The lady who works in the space behind me makes me want to gouge my eyeballs out with forks. But then I’d be blind and knowing Murphy, I’d still be forced to somehow work here. So rather than going blind, she makes me want to stick fire pokers in my ears. It's her voice. It annoys the ever lovin' piss outta me with its shrill that reminds me of cats in heat. It wouldn’t be so bad to deal with except she's on the phone with her husband several times a day using terms like “Buddy” and “Golly” and “Good boy” as if he was a dog. It drives me fucking insane. 
 
Insane.
 
I've tried leaving my work space when she gets on the phone with "Buddy," but then how could I look busy at work? 
 
I've tried playing the radio to help drown out her sounds, but because of the generally quiet work environment I can't keep the radio at a level loud enough to do so. (Wouldn't want to disturb daydreaming to the lulling whoosh of air pushing through the ceiling vents or fingers tap dancing across their keyboards. Wouldn't want to disturb eavesdropping on coworkers talking about the football game. Wouldn't want to disturb snapping back to reality when a phone rings or the nearby printer whirs and spits out someones work.) 
 
So I endure the shrill. 
 
I endure pet names and one million Mmm-hmm’s.
 
I endure it all because of a haunting image: 
I sneak up behind her, take the curly black cord attached to the phone she talks into and wrap it around her neck. Over and over and over again. The curls of the cord embed into her neck. She starts to gasp for air. A muffled "Hello!" seeps from the ear piece of the phone. Her arms and hands reach for me… flail for anything… but only find their way onto her neck where I pull even harder at the cord. Blood seeps from the curls of the cord tattooed into her neck now, and a smile emerges onto my face.

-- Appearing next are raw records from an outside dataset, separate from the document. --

lemma epowr_ball_mean_diff_le:
  assumes [measurable]: "f \<in> borel_measurable borel"
    and yz: "y \<in> S1" "z \<in> S2" and r: "0 < r" "r \<le> 1"
  shows "epowr (ball_mean_diff nu1 nu2 r f y z) p
    \<le> Av nu1 (cball y r) (\<lambda>y'. Av nu2 (cball z r) (\<lambda>z'. ennreal (\<bar>f y' - f z'\<bar> powr p)))"
proof -
  have "epowr (ball_mean_diff nu1 nu2 r f y z) p
      \<le> Av nu1 (cball y r) (\<lambda>y'. epowr (Av nu2 (cball z r) (\<lambda>z'. ennreal \<bar>f y' - f z'\<bar>)) p)"
    unfolding ball_mean_diff_def using p_gt_1 nu1.emeasure_nu_cball_finite[OF yz(1) r]
    by (intro epowr_Av_le) (auto simp: measurable_cong_sets[OF nu1.sets_nu refl])
  also have "\<dots> \<le> Av nu1 (cball y r) (\<lambda>y'. Av nu2 (cball z r) (\<lambda>z'. epowr (ennreal \<bar>f y' - f z'\<bar>) p))"
    using p_gt_1 nu2.emeasure_nu_cball_finite[OF yz(2) r]
    by (intro Av_mono epowr_Av_le) (auto simp: measurable_cong_sets[OF nu2.sets_nu refl])
  finally show ?thesis by (simp add: epowr_ennreal)
qed

lemma Av_Av_cball_eq:
  assumes [measurable]: "(\<lambda>(y, z). g y z) \<in> borel_measurable (borel \<Otimes>\<^sub>M borel)"
    and yz: "y \<in> S1" "z \<in> S2" and r: "0 < r" "r \<le> 1"
  shows "Av nu1 (cball y r) (\<lambda>y'. Av nu2 (cball z r) (g y'))
    = (\<integral>\<^sup>+y'. \<integral>\<^sup>+z'. indicator (cball y r) y' * indicator (cball z r) z' *
         (inverse (emeasure nu1 (cball y r)) * inverse (emeasure nu2 (cball z r))) * g y' z' \<partial>nu2 \<partial>nu1)"
proof -
  have "Av nu1 (cball y r) (\<lambda>y'. Av nu2 (cball z r) (g y'))
      = (\<integral>\<^sup>+y'. indicator (cball y r) y' * inverse (emeasure nu1 (cball y r)) *
           (\<integral>\<^sup>+z'. indicator (cball z r) z' * inverse (emeasure nu2 (cball z r)) * g y' z' \<partial>nu2) \<partial>nu1)"
    using yz r by (simp add: nu1.Av_cball_eq nu2.Av_cball_eq)
  then show ?thesis
    by (simp add: nn_integral_cmult[symmetric] mult_ac)
qed

lemma ball_weight_inverse_shift_le:
  assumes yz: "y \<in> S1" "z \<in> S2" and near: "dist y y' \<le> r" "dist z z' \<le> r"
    and r: "0 < r" "r \<le> 1/4"
  shows "ball_weight M r y z * (inverse (emeasure nu1 (cball y r)) * inverse (emeasure nu2 (cball z r)))
    \<le> ennreal (Cd ^ 3 * nu1.ball_ratio * nu2.ball_ratio) *
       (ball_weight M (4 * r) y' z' * (inverse (emeasure nu1 (cball y' r)) * inverse (emeasure nu2 (cball z' r))))"
proof -
  have "ball_weight M r y z * (inverse (emeasure nu1 (cball y r)) * inverse (emeasure nu2 (cball z r)))
      \<le> (ennreal (Cd ^ 3) * ball_weight M (4 * r) y' z') *
         ((ennreal nu1.ball_ratio * inverse (emeasure nu1 (cball y' r))) *
          (ennreal nu2.ball_ratio * inverse (emeasure nu2 (cball z' r))))"
    using yz near r
    by (intro mult_mono nu1.ball_weight_le_shift nu1.inverse_emeasure_nu_cball_le
        nu2.inverse_emeasure_nu_cball_le) auto
  also have "\<dots> = ennreal (Cd ^ 3 * nu1.ball_ratio * nu2.ball_ratio) *
       (ball_weight M (4 * r) y' z' * (inverse (emeasure nu1 (cball y' r)) * inverse (emeasure nu2 (cball z' r))))"
    using nu1.Cd_ge_1 nu1.ball_ratio_pos nu2.ball_ratio_pos by (simp add: ennreal_mult mult_ac)
  finally show ?thesis .
qed

definition shifted_kernel :: "real \<Rightarrow> ('a \<Rightarrow> real) \<Rightarrow> 'a \<Rightarrow> 'a \<Rightarrow> ennreal" where
  "shifted_kernel r f y' z' = (if dist y' z' \<le> 4 * r then
     ball_weight M (4 * r) y' z' * (inverse (emeasure nu1 (cball y' r)) * inverse (emeasure nu2 (cball z' r))) *
     ennreal (\<bar>f y' - f z'\<bar> powr p) else 0)"

lemma measurable_shifted_kernel [measurable]:
  assumes [measurable]: "f \<in> borel_measurable borel"
  shows "(\<lambda>(y, z). shifted_kernel r f y z) \<in> borel_measurable (borel \<Otimes>\<^sub>M borel)"
  unfolding shifted_kernel_def by measurable

lemma weighted_mean_diff_le_shifted_kernel:
  assumes [measurable]: "f \<in> borel_measurable borel"
    and yz: "y \<in> S1" "z \<in> S2" "dist y z \<le> r" and r: "0 < r" "r \<le> 1/4"
  shows "ball_weight M r y z * epowr (ball_mean_diff nu1 nu2 r f y z) p
    \<le> ennreal (Cd ^ 3 * nu1.ball_ratio * nu2.ball_ratio) *
       (\<integral>\<^sup>+y'. \<integral>\<^sup>+z'. indicator (cball y r) y' * indicator (cball z r) z' * shifted_kernel r f y' z' \<partial>nu2 \<partial>nu1)"
proof -
  let ?C = "ennreal (Cd ^ 3 * nu1.ball_ratio * nu2.ball_ratio)"
  let ?k = "inverse (emeasure nu1 (cball y r)) * inverse (emeasure nu2 (cball z r))"
  let ?G = "\<lambda>y' z'. ennreal (\<bar>f y' - f z'\<bar> powr p)"
  have "ball_weight M r y z * epowr (ball_mean_diff nu1 nu2 r f y z) p
      \<le> ball_weight M r y z * (\<integral>\<^sup>+y'. \<integral>\<^sup>+z'. indicator (cball y r) y' * indicator (cball z r) z' * ?k * ?G y' z' \<partial>nu2 \<partial>nu1)"
    using epowr_ball_mean_diff_le[of f y z r] Av_Av_cball_eq[of ?G y z r] yz r by (intro mult_left_mono) auto
  also have "\<dots> = (\<integral>\<^sup>+y'. \<integral>\<^sup>+z'. indicator (cball y r) y' * indicator (cball z r) z' *
      (ball_weight M r y z * ?k) * ?G y' z' \<partial>nu2 \<partial>nu1)"
    by (simp add: nn_integral_cmult[symmetric] mult_ac)
  also have "\<dots> \<le> (\<integral>\<^sup>+y'. \<integral>\<^sup>+z'. ?C * (indicator (cball y r) y' * indicator (cball z r) z' * shifted_kernel r f y' z') \<partial>nu2 \<partial>nu1)"
  proof (intro nn_integral_mono)
    fix y' z'
    show "indicator (cball y r) y' * indicator (cball z r) z' * (ball_weight M r y z * ?k) * ?G y' z'
        \<le> ?C * (indicator (cball y r) y' * indicator (cball z r) z' * shifted_kernel r f y' z')"
    proof (cases "y' \<in> cball y r \<and> z' \<in> cball z r")
      case True
      have "dist y' z' \<le> 4 * r"
        using True yz(3) dist_triangle[of y' z' y] dist_triangle[of y z' z] r by (simp add: dist_commute)
      moreover have "dist y y' \<le> r" "dist z z' \<le> r" using True by auto
      then have "ball_weight M r y z * ?k * ?G y' z'
          \<le> ?C * (ball_weight M (4 * r) y' z' * (inverse (emeasure nu1 (cball y' r)) *
              inverse (emeasure nu2 (cball z' r)))) * ?G y' z'"
        by (intro mult_right_mono ball_weight_inverse_shift_le yz r) auto
      ultimately show ?thesis
        using True by (simp add: shifted_kernel_def mult_ac)
    qed auto
  qed
  also have "\<dots> = ?C * (\<integral>\<^sup>+y'. \<integral>\<^sup>+z'. indicator (cball y r) y' * indicator (cball z r) z' * shifted_kernel r f y' z' \<partial>nu2 \<partial>nu1)"
    by (simp add: nn_integral_cmult)
  finally show ?thesis .
qed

Golly gee, Buddy. Does this hurt? Does it hurt the way my ears hurt every fucking day I have to listen to you?!  
 
Between her and an old boss from an old job who’d clip his fucking nails at the desk next to me when he wasn’t chewing his food with his mouth open, it’s no wonder I haven’t lost my marbles quite yet at the workplace.
 
Or have I?


Muahahaha welcome to October at Finally Mom’s.